*** Opening Supplied data ***

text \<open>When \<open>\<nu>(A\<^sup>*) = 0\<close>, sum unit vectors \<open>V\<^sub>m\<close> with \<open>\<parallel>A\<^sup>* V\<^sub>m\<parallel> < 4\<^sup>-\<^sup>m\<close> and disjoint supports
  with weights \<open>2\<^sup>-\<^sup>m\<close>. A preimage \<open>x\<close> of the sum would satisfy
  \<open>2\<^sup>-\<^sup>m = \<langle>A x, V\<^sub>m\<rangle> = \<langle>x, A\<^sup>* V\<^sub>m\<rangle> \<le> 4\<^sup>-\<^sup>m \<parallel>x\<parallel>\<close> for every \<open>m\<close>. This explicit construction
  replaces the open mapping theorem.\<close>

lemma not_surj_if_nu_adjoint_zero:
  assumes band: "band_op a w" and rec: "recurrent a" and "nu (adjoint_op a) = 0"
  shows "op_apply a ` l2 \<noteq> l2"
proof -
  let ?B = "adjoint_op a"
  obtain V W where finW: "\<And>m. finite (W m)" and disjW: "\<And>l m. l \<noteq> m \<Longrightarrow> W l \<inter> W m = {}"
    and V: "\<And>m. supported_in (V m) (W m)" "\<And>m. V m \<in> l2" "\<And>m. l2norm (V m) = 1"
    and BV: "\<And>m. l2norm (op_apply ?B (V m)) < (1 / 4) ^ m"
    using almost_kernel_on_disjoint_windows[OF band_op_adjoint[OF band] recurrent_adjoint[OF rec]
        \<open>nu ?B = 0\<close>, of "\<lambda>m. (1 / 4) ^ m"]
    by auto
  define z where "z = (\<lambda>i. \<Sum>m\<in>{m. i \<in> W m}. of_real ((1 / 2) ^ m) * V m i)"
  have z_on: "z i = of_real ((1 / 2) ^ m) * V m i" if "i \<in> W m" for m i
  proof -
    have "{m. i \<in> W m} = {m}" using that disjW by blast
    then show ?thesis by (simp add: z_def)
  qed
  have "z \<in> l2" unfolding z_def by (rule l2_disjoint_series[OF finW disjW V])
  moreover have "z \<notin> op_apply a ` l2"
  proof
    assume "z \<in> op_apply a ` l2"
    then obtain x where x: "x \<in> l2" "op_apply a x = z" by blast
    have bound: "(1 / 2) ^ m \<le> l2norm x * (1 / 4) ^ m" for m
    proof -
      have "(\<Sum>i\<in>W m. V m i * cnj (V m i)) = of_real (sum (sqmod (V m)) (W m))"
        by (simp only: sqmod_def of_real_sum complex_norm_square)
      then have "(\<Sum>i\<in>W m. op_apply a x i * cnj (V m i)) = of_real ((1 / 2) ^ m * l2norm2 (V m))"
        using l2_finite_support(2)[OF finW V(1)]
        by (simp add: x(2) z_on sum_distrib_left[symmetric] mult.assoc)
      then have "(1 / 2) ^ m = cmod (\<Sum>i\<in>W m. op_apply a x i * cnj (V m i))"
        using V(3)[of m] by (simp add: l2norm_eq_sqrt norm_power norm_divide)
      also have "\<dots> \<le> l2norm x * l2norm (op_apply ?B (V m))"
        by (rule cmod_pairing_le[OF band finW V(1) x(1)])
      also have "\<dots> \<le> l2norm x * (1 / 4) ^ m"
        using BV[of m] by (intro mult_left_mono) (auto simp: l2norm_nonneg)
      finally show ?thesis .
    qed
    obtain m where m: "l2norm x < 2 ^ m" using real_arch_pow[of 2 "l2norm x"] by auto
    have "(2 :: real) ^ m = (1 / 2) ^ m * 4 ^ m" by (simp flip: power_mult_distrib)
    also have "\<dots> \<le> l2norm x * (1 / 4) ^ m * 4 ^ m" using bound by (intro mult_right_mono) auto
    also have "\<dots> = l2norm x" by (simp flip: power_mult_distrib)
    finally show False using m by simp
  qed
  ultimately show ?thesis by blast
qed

*** Closing Supplied data ***

_Your instructions_
The task calls for every line of the material that contains the string "parallel".

_Result_
text \<open>When \<open>\<nu>(A\<^sup>*) = 0\<close>, sum unit vectors \<open>V\<^sub>m\<close> with \<open>\<parallel>A\<^sup>* V\<^sub>m\<parallel> < 4\<^sup>-\<^sup>m\<close> and disjoint supports
  \<open>2\<^sup>-\<^sup>m = \<langle>A x, V\<^sub>m\<rangle> = \<langle>x, A\<^sup>* V\<^sub>m\<rangle> \<le> 4\<^sup>-\<^sup>m \<parallel>x\<parallel>\<close> for every \<open>m\<close>. This explicit construction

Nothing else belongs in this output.